IM (Idea Manager) is a local-first CLI task manager that intentionally uses the following capabilities. This document explains each and why they are safe.

Reporting a Vulnerability

Open an issue at https://github.com/navskh/IM/issues or email the maintainer. We take security seriously; please report privately if the issue could be exploited.

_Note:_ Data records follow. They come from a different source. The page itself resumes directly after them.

lemma translates_meeting_subset:
  "{t. act (gfam t) ` E \<inter> act (gfam u) ` E \<noteq> {}} \<subseteq> act (gfam u) ` overlap_offsets E"
proof
  fix t assume "t \<in> {t. act (gfam t) ` E \<inter> act (gfam u) ` E \<noteq> {}}"
  then obtain a b where "a \<in> E" "b \<in> E" and meet: "act (gfam t) a = act (gfam u) b"
    by auto
  define h where "h = gfam u \<otimes> gfam b"
  define g0 where "g0 = inv h \<otimes> gfam t \<otimes> gfam a"
  have "h \<in> carrier G" "g0 \<in> carrier G"
    by (simp_all add: h_def g0_def)
  have "act g0 m0 = act (inv h) (act h m0)"
    using meet by (simp add: g0_def h_def act_mult)
  then have "g0 \<in> stab G act m0"
    using \<open>h \<in> carrier G\<close> \<open>g0 \<in> carrier G\<close> by (simp add: stab_def)
  have "gfam t = h \<otimes> g0 \<otimes> inv (gfam a)"
    using \<open>h \<in> carrier G\<close> by (simp add: g0_def m_assoc flip: m_assoc[of h])
  then have "t = act (gfam u) (act (gfam b \<otimes> g0 \<otimes> inv (gfam a)) m0)"
    using \<open>g0 \<in> carrier G\<close> by (metis act_gfam act_mult gfam_carrier h_def inv_closed m_assoc m_closed)
  with \<open>a \<in> E\<close> \<open>b \<in> E\<close> \<open>g0 \<in> stab G act m0\<close> show "t \<in> act (gfam u) ` overlap_offsets E"
    by (force simp: overlap_offsets_def)
qed

lemma finite_overlap_offsets: "finite E \<Longrightarrow> finite (stab G act m0) \<Longrightarrow> finite (overlap_offsets E)"
  by (simp add: overlap_offsets_def)

lemma overlap_offsets_nonempty: "E \<noteq> {} \<Longrightarrow> overlap_offsets E \<noteq> {}"
  using subgroup.one_closed[OF subgroup_stab] by (auto simp: overlap_offsets_def)

lemma card_translates_meeting_le:
  assumes "finite E" and "finite (stab G act m0)"
  shows "card {t \<in> A. act (gfam t) ` E \<inter> act (gfam u) ` E \<noteq> {}} \<le> card (overlap_offsets E)"
proof -
  have "card {t \<in> A. act (gfam t) ` E \<inter> act (gfam u) ` E \<noteq> {}} \<le> card (act (gfam u) ` overlap_offsets E)"
    using translates_meeting_subset finite_overlap_offsets[OF assms] by (intro card_mono) blast+
  also have "\<dots> \<le> card (overlap_offsets E)"
    by (rule card_image_le) (rule finite_overlap_offsets[OF assms])
  finally show ?thesis .
qed

lemma ln_card_restrict_forbidden_le:
  fixes X :: "('m \<Rightarrow> 'q::finite) set" and y :: "'m \<Rightarrow> 'q"
  assumes "2 \<le> CARD('q)" and "finite E" and "E \<noteq> {}" and "finite (stab G act m0)"
    and "finite F" and "F \<noteq> {}" and "X \<noteq> {}"
    and forbidden: "\<And>c t. c \<in> X \<Longrightarrow> \<exists>e\<in>E. c (act (gfam t) e) \<noteq> y e"
    and folner: "\<And>a. a \<in> E \<Longrightarrow> card (F - {m. act (gfam m) a \<in> F}) / card F < 1 / (2 * real (card E))"
  shows "ln (card ((\<lambda>c. restrict c F) ` X)) / card F
           \<le> ln CARD('q) + ln (1 - 1 / real CARD('q) ^ card E) / (2 * real (card (overlap_offsets E)))"
proof -
  let ?q = "real CARD('q)" and ?r = "1 - 1 / real CARD('q) ^ card E"
  let ?K = "\<lambda>t. act (gfam t) ` E" and ?A = "{t \<in> F. \<forall>a\<in>E. act (gfam t) a \<in> F}"
  let ?w = "card (overlap_offsets E)"
  have "card F < 2 * card ?A"
    using card_lt_twice_card_interior[of F E "\<lambda>m a. act (gfam m) a"] folner assms(2,5,6) by simp
  define p where "p t = restrict (\<lambda>x. y (act (inv (gfam t)) x)) (?K t)" for t
  have "ln (card ((\<lambda>c. restrict c F) ` X)) \<le> card F * ln ?q + card ?A / ?w * ln ?r"
  proof (rule ln_card_restrict_avoiding_le[where p = p])
    show "0 < card E"
      using \<open>finite E\<close> \<open>E \<noteq> {}\<close> by (simp add: card_gt_0_iff)
    show "?K t \<subseteq> F \<and> card (?K t) = card E \<and> p t \<in> ?K t \<rightarrow>\<^sub>E UNIV" if "t \<in> ?A" for t
    proof (intro conjI)
      show "?K t \<subseteq> F"
        using that by blast
      show "card (?K t) = card E"
        by (rule card_image) (rule inj_on_subset[OF inj_act[OF gfam_carrier] subset_UNIV])
    qed (simp add: p_def)
    show "restrict c (?K t) \<noteq> p t" if "c \<in> X" for c t
    proof
      assume pattern: "restrict c (?K t) = p t"
      obtain e where "e \<in> E" "c (act (gfam t) e) \<noteq> y e"
        using forbidden[OF \<open>c \<in> X\<close>] by blast
      moreover have "act (gfam t) e \<in> ?K t"
        using \<open>e \<in> E\<close> by blast
      ultimately show False
        using fun_cong[OF pattern, of "act (gfam t) e"] by (simp add: p_def)
    qed
    show "card {t \<in> ?A. ?K t \<inter> ?K u \<noteq> {}} \<le> ?w" for u
      using card_translates_meeting_le[OF \<open>finite E\<close> \<open>finite (stab G act m0)\<close>] .
  qed (use assms in auto)
  also have "\<dots> \<le> card F * ln ?q + card F / (2 * ?w) * ln ?r"
  proof -
    have "0 < ?w"
      using finite_overlap_offsets overlap_offsets_nonempty assms(2-4) by (simp add: card_gt_0_iff)
    then have "card F / (2 * ?w) \<le> card ?A / ?w"
      using \<open>card F < 2 * card ?A\<close> by (simp add: field_simps)
    moreover have "ln ?r \<le> 0"
      using ln_one_minus_inverse_power_less_zero[of ?q "card E"] assms(1-3) by (simp add: card_gt_0_iff)
    ultimately have "card ?A / ?w * ln ?r \<le> card F / (2 * ?w) * ln ?r"
      by (rule mult_right_mono_neg)
    then show ?thesis
      by simp
  qed
  finally show ?thesis
    using \<open>finite F\<close> \<open>F \<noteq> {}\<close> by (simp add: divide_le_eq card_gt_0_iff field_simps)
qed

end

theorem theorem4:
  fixes G :: "('g, 'b) monoid_scheme" and act :: "'g \<Rightarrow> 'm \<Rightarrow> 'm" and m0 :: 'm
    and gfam :: "'m \<Rightarrow> 'g" and N :: "'g set set" and \<delta> :: "('g set \<Rightarrow> 'q::finite) \<Rightarrow> 'q"
    and rel :: "'i \<Rightarrow> 'i \<Rightarrow> bool" and F :: "'i \<Rightarrow> 'm set"
  assumes "cell_space G act m0 gfam"
    and "right_amenable G act m0 gfam"
    and "finite (stab G act m0)"
    and "semi_cellular_automaton G act m0 N"
    and "finite N"
    and "right_folner_net G act m0 gfam rel F"
    and "bullet_invariant G act m0 N \<delta>"
    and "card (UNIV :: 'q set) \<ge> 2"
    and "\<not> surj (global_transition G act m0 gfam N \<delta>)"
  shows "entropy rel F (range (global_transition G act m0 gfam N \<delta>)) < ereal (ln (real (card (UNIV :: 'q set))))"
proof -
  interpret cell_space_action G act m0 gfam
    by (rule cell_space_action.intro) (fact assms(1))
  let ?\<Delta> = "global_transition G act m0 gfam N \<delta>" and ?q = "real CARD('q)"
  obtain E y where E: "finite E" "E \<noteq> {}"
    and forbidden: "\<And>c t. c \<in> range ?\<Delta> \<Longrightarrow> \<exists>e\<in>E. c (act (gfam t) e) \<noteq> y e"
    by (rule not_surj_imp_forbidden_pattern[OF assms(4,5,7,9)]) auto
  define bound where "bound = ln ?q + ln (1 - 1 / ?q ^ card E) / (2 * real (card (overlap_offsets E)))"
  have "\<forall>\<^sub>F i in net_filter rel.
      \<forall>a\<in>E. card (F i - {m. act (gfam m) a \<in> F i}) / card (F i) < 1 / (2 * real (card E))"
    using E by (intro eventually_folner_boundary_less[OF assms(6)]) (simp_all add: card_gt_0_iff)
  then have "\<forall>\<^sub>F i in net_filter rel. ln (card ((\<lambda>c. restrict c (F i)) ` range ?\<Delta>)) / card (F i) \<le> bound"
    by (rule eventually_mono) (use assms(3,6,8) E forbidden in
        \<open>auto simp: bound_def right_folner_net_def intro!: ln_card_restrict_forbidden_le[where y = y]\<close>)
  then have "entropy rel F (range ?\<Delta>) \<le> bound"
    unfolding entropy_def by (intro Limsup_bounded) (auto elim: eventually_mono)
  also have "\<dots> < ereal (ln ?q)"
    using ln_one_minus_inverse_power_less_zero[of ?q "card E"] assms(3,8) E
      finite_overlap_offsets overlap_offsets_nonempty
    by (simp add: bound_def divide_neg_pos card_gt_0_iff)
  finally show ?thesis .
qed

end
(* Let $\mathbf k=\mathbb F_q$. For $a,b\ge0$ let $\mathfrak S(a,b)$ be the set of pairs $(J,L)$ of coprime nonzero homogeneous polynomials in $\mathbf k[X,Y]$ with $\deg J=a$, $\deg L=b$, let $\mathfrak T(a,b)\subseteq\mathfrak S(a,b)$ be the subset of pairs with $X\nmid J$, and let $\mathfrak t(a,b)=|\mathfrak T(a,b)|$. Then $$\mathfrak t(a,b)=\begin{cases}(q-1)(q^{b+1}-1),&a=0,\\(q-1)^2q^{a+b},&a\neq0.\end{cases}$$ Consequently $\mathfrak t(a,b)=\mathfrak t(a-k,b+k)$ for $1\le k\le a-1$. *)

theory Defs
  imports "HOL-Computational_Algebra.Polynomial_Factorial"
begin

text \<open>Bivariate polynomials k[X,Y] are represented as k[Y][X], i.e. as 'a poly poly:
  the outer variable is X, the inner one is Y. The monomial X^i Y^j has coefficient
  coeff (coeff P i) j.\<close>

definition homog_of_deg :: "'a::zero poly poly \<Rightarrow> nat \<Rightarrow> bool" where
  "homog_of_deg P d \<longleftrightarrow> (\<forall>i j. coeff (coeff P i) j \<noteq> 0 \<longrightarrow> i + j = d)"

definition frakS :: "nat \<Rightarrow> nat \<Rightarrow> ('a::field poly poly \<times> 'a poly poly) set" where
  "frakS a b = {(J, L). J \<noteq> 0 \<and> L \<noteq> 0 \<and> homog_of_deg J a \<and> homog_of_deg L b
                       \<and> coprime J L}"

definition frakT :: "nat \<Rightarrow> nat \<Rightarrow> ('a::field poly poly \<times> 'a poly poly) set" where
  "frakT a b = {(J, L) \<in> frakS a b. \<not> ([:0, 1:] dvd J)}"
lemma rad_nest_is_nest: "is_nest v rad_nest"
  unfolding is_nest_def
proof (intro conjI)
  show "rad_nest \<noteq> {}" unfolding rad_nest_def by simp
  show "\<forall>(a, \<gamma>)\<in>rad_nest. \<gamma> \<in> \<Gamma>"
    unfolding rad_nest_def using rad_valgroup by auto
  show "\<forall>p\<in>rad_nest. \<forall>q\<in>rad_nest. p \<noteq> q \<longrightarrow> cball v (fst p) (snd p) \<subset> cball v (fst q) (snd q) \<or>
      cball v (fst q) (snd q) \<subset> cball v (fst p) (snd p)"
  proof (intro ballI impI)
    fix p q assume "p \<in> rad_nest" "q \<in> rad_nest" "p \<noteq> q"
    moreover obtain g h where "p = (centre_at g, g)" "q = (centre_at h, h)" "g \<in> range rad" "h \<in> range rad"
      using \<open>p \<in> rad_nest\<close> \<open>q \<in> rad_nest\<close> unfolding rad_nest_def by blast
    ultimately show "cball v (fst p) (snd p) \<subset> cball v (fst q) (snd q) \<or>
        cball v (fst q) (snd q) \<subset> cball v (fst p) (snd p)"
      using rad_nest_strict_mono[of g h] rad_nest_strict_mono[of h g] by (cases g h rule: linorder_cases) auto
  qed
  show "(\<Inter>p\<in>rad_nest. cball v (fst p) (snd p)) = {}"
  proof (rule ccontr)
    assume "(\<Inter>p\<in>rad_nest. cball v (fst p) (snd p)) \<noteq> {}"
    then obtain c where c: "\<forall>p\<in>rad_nest. c \<in> cball v (fst p) (snd p)" by blast
    obtain b' where "rad c < rad b'" using rad_unbounded by blast
    moreover have "(centre_at (rad b'), rad b') \<in> rad_nest"
      unfolding rad_nest_def by blast
    then have "c \<in> cball v (centre_at (rad b')) (rad b')"
      using c by fastforce
    ultimately show False
      using cball_centre_at[of "rad b'"] by auto
  qed
qed

theorem eq_omegaB_rad_nest: "Q = omegaB v rad_nest"
proof (rule eq_omegaB_if_lin_det[OF rad_nest_is_nest])
  fix r
  obtain b' where lt: "rad r < rad b'" using rad_unbounded by blast
  let ?b = "centre_at (rad b')"
  have B: "(?b, rad b') \<in> rad_nest" unfolding rad_nest_def by blast
  have out: "r \<notin> cball v ?b (rad b')" using cball_centre_at[of "rad b'"] lt by auto
  then have ne: "?b - r \<noteq> 0" using cball_centre by fastforce
  have "Qlt (lin r) (lin ?b)"
    unfolding Qlt_def using Q_lin_lin_iff rad_centre_at[of "rad b'"] lt by simp
  then have "Qeq (cst (?b - r)) (lin r)"
    using Qeq_diff_dominant lin_diff[of r ?b] by metis
  then have "Qeq (lin r) (cst (?b - r))" by (rule Qeq_sym)
  then show "\<exists>c. c \<noteq> 0 \<and> Qeq (lin r) (cst c) \<and> wnest v rad_nest [:-r, 1:] = v c"
    using ne wnest_linear_outside[OF rad_nest_is_nest B out] by blast
qed

end

context alg_closed_valued_field
begin

theorem maximal_cases:
  assumes M: "is_maximal v P"
  shows "(\<exists>N. is_nest v N \<and> P = omegaB v N) \<or> (\<exists>a. P = omega v a (qc_inftym \<Gamma>))"
proof -
  have P: "is_val_class v P" and maxP: "\<And>Q. is_val_class v Q \<Longrightarrow> vle v P Q \<Longrightarrow> Q = P"
    using M unfolding is_maximal_def by blast+
  interpret p: val_class v P by (rule val_classI[OF P])
  show ?thesis
  proof (cases "\<exists>b. \<forall>c. c \<noteq> 0 \<longrightarrow> \<not> P (lin b) (cst c)")
    case True
    then show ?thesis using p.eq_omega_inftym_if_lin_above by blast
  next
    case False
    then have bounded: "\<exists>c. c \<noteq> 0 \<and> P (lin b) (cst c)" for b by blast
    \<comment> \<open>if Q(x - b) were maximal among the Q(x - r), b would be a centre and Q < omega_{b,\<infinity>-}\<close>
    have "\<forall>b. \<exists>b'. p.Qlt (lin b) (lin b')"
    proof (rule ccontr)
      assume "\<not> ?thesis"
      then obtain b where "\<forall>r. P (lin r) (lin b)" unfolding p.Qlt_def by blast
      then have "P = omega v b (p.lin_cut b)"
        using p.is_centre_imp_eq_omega p.is_centre_if_lin_max by blast
      then have "omega v b (qc_inftym \<Gamma>) = P"
        using maxP omega_val_class[OF qc_inftym_Qcuts] omega_vle_omega_inftym[OF p.lin_cut_Qcuts] by metis
      then show False using bounded not_omega_inftym_lin_cst by metis
    qed
    then interpret val_class_lin_unbounded v P
      by unfold_locales
    show ?thesis using eq_omegaB_rad_nest rad_nest_is_nest by blast
  qed
qed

Intentional Capabilities (not vulnerabilities)

1. Network calls

Where Purpose
registry.npmjs.org Check if a newer version is published (version badge + auto-update)
http://localhost:<port> Readiness probe during im start

No external hostnames except registry.npmjs.org. No telemetry. No analytics.

2. Child process spawn

Binary Purpose
claude / gemini / codex User-chosen AI CLI for the Advisor, Refine, and Watch features
npm Only invoked by the auto-update flow to run npm install -g idea-manager@latest
git / gh Only invoked by the optional Git sync feature
User's default browser im start opens the web UI via --app= mode

All binary names are fixed. No user input is ever concatenated into a shell command; arguments are passed as arrays to child_process.spawn/execFile. shell: true is only set on Windows (required for .cmd wrapper resolution) and arguments are escaped by Node's native handling.

3. Filesystem access

Path Purpose
~/.idea-manager/data/im.db SQLite database (user's tasks, notes, conversations)
~/.idea-manager/sync/ Optional Git sync working directory
~/.idea-manager/media/ Reserved for future image attachments
Package install directory Read-only — Next.js build output, node_modules
User-selected project paths Listed/scanned for file tree UI; read only

No writes outside ~/.idea-manager/ and the package's own install directory.

4. Auto-update (v1.8.0+)

im start checks npm registry on boot and, if a newer version is available, spawns npm install -g idea-manager@latest and re-execs itself. This is an intentional "download-and-execute" pattern. It can be disabled with:

IM_NO_AUTO_UPDATE=1 im start

We require the im binary to already be installed globally by the user. The install command is invoked with fixed arguments, not derived from user input.

5. CSRF protection

All /api/* mutation endpoints (POST/PUT/DELETE/PATCH) reject cross-origin browser requests. Only same-origin (localhost/127.0.0.1) or non-browser clients (no Origin header, e.g. CLI/MCP) are allowed. See src/middleware.ts.

6. What IM does NOT do

  • No remote code execution (beyond known AI CLIs or npm install)
  • No credential handling (relies on user's pre-configured AI CLI auth)
  • No telemetry or analytics
  • No outbound network except npm registry version check
  • No access to browser data, OAuth tokens, or passwords
  • No uploads to any third-party service

Known Static-Analyzer False Positives

Some static-analysis tools (e.g., SafeSkill) flag the following as risky:

  • http.get() + filesystem access → readiness probe only, target is localhost
  • fetch(npmjs.org) + spawn('npm install -g')intentional auto-update, opt-out available
  • spawn(agent-binary) with project cwduser-configured AI CLI, not arbitrary code

These are features, not vulnerabilities. They are documented here for auditors.


Runtime Hardening

  • Next.js middleware blocks cross-origin mutation attempts.
  • AI CLI spawn uses fixed binary names; user input is never shell-interpolated.
  • SQLite prepared statements; no string concatenation into SQL.
  • sql.js WASM pinned to the bundled sql.js/dist/sql-wasm.wasm (see next.config.mjs).
  • Standalone Next.js build removes absolute paths from published artifacts.